There are many other ways in which further research might shed light on taste perception, such as ways in which medicines can be made more palatable by suppressing bitter compounds, or ways in which foods can be customized for specific populations based on known sweet taste preferences. Taste perception is not constant across gender, race and age populations, or even necessarily within common genetic origins. Reed and her colleagues address many of these issues in an article entitled “Diverse Tastes: Genetics of Sweet and Bitter Perception,” (Physiological Behavior, 2006, June 30; 88(3): 215-226). For instance, how might DNA variance in taste receptors affect sensitivity to taste perception? Another area of interest, as described by Reed, et al., is the effect of the concentration of the hormone leptin on human physiological and behavioral responses to sweets, since there is evidence that these responses are suppressed in studies conducted with rodents. 

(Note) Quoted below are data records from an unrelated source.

lemma bounded_linear_solve_by_successive_approximation:
  fixes A :: "'a::{real_normed_vector,complete_space} \<Rightarrow> 'b::real_normed_vector"
  assumes bl: "bounded_linear A" and "K \<ge> 0"
    and approx: "\<And>z. \<exists>x. norm x \<le> K * norm z \<and> norm (A x - z) \<le> norm z / 2"
  shows "\<exists>x. A x = y \<and> norm x \<le> 2 * K * norm y"
proof -
  obtain g where g: "\<And>z. norm (g z) \<le> K * norm z" "\<And>z. norm (A (g z) - z) \<le> norm z / 2"
    using approx by metis
  define Y where "Y k = ((\<lambda>z. z - A (g z)) ^^ k) y" for k
  have Y_Suc: "Y (Suc k) = Y k - A (g (Y k))" for k by (simp add: Y_def)
  have Y_bound: "norm (Y k) \<le> norm y * (1/2)^k" for k
  proof (induction k)
    case (Suc k)
    have "norm (Y (Suc k)) \<le> norm (Y k) / 2"
      using g(2) by (simp add: Y_Suc norm_minus_commute)
    with Suc show ?case by simp
  qed (simp add: Y_def)
  have "norm (g (Y k)) \<le> K * norm y * (1/2)^k" for k
    using order_trans[OF g(1) mult_left_mono[OF Y_bound \<open>K \<ge> 0\<close>]] by (simp add: mult.assoc)
  then have sum: "summable (\<lambda>k. g (Y k))" and norm: "norm (\<Sum>k. g (Y k)) \<le> 2 * (K * norm y)"
    by (rule summable_geometric_bound)+
  have Y_0: "Y \<longlonglongrightarrow> 0"
    by (rule Lim_null_comparison[where g="\<lambda>k. norm y * (1/2)^k"])
       (use Y_bound in \<open>auto intro!: tendsto_mult_right_zero LIMSEQ_realpow_zero\<close>)
  have "(\<lambda>n. Y 0 - Y n) \<longlonglongrightarrow> y"
    using tendsto_diff[OF tendsto_const Y_0, of y] by (simp add: Y_def)
  moreover have "(\<Sum>k<n. A (g (Y k))) = Y 0 - Y n" for n
    using sum_lessThan_telescope'[of Y n] by (simp add: Y_Suc)
  ultimately have "(\<lambda>k. A (g (Y k))) sums y" by (simp add: sums_def)
  then have "A (\<Sum>k. g (Y k)) = y"
    using bounded_linear.sums[OF bl summable_sums[OF sum]] sums_unique2 by blast
  with norm show ?thesis by auto
qed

The world of genetics has opened up a vast array of possibilities for future research in the area of taste perception. For instance, one flavor ingredients company recently received a patent (U.S. Patent #7,223,551) for assays that detect the specific binding of compounds to the T1R3 taste receptor. This patent provides the company with a method for identifying compounds that “modulate or elicit” sweet taste. Collaborations between food scientists, biologists, psychologists and the like surely will produce some phenomenal results over the decades to come.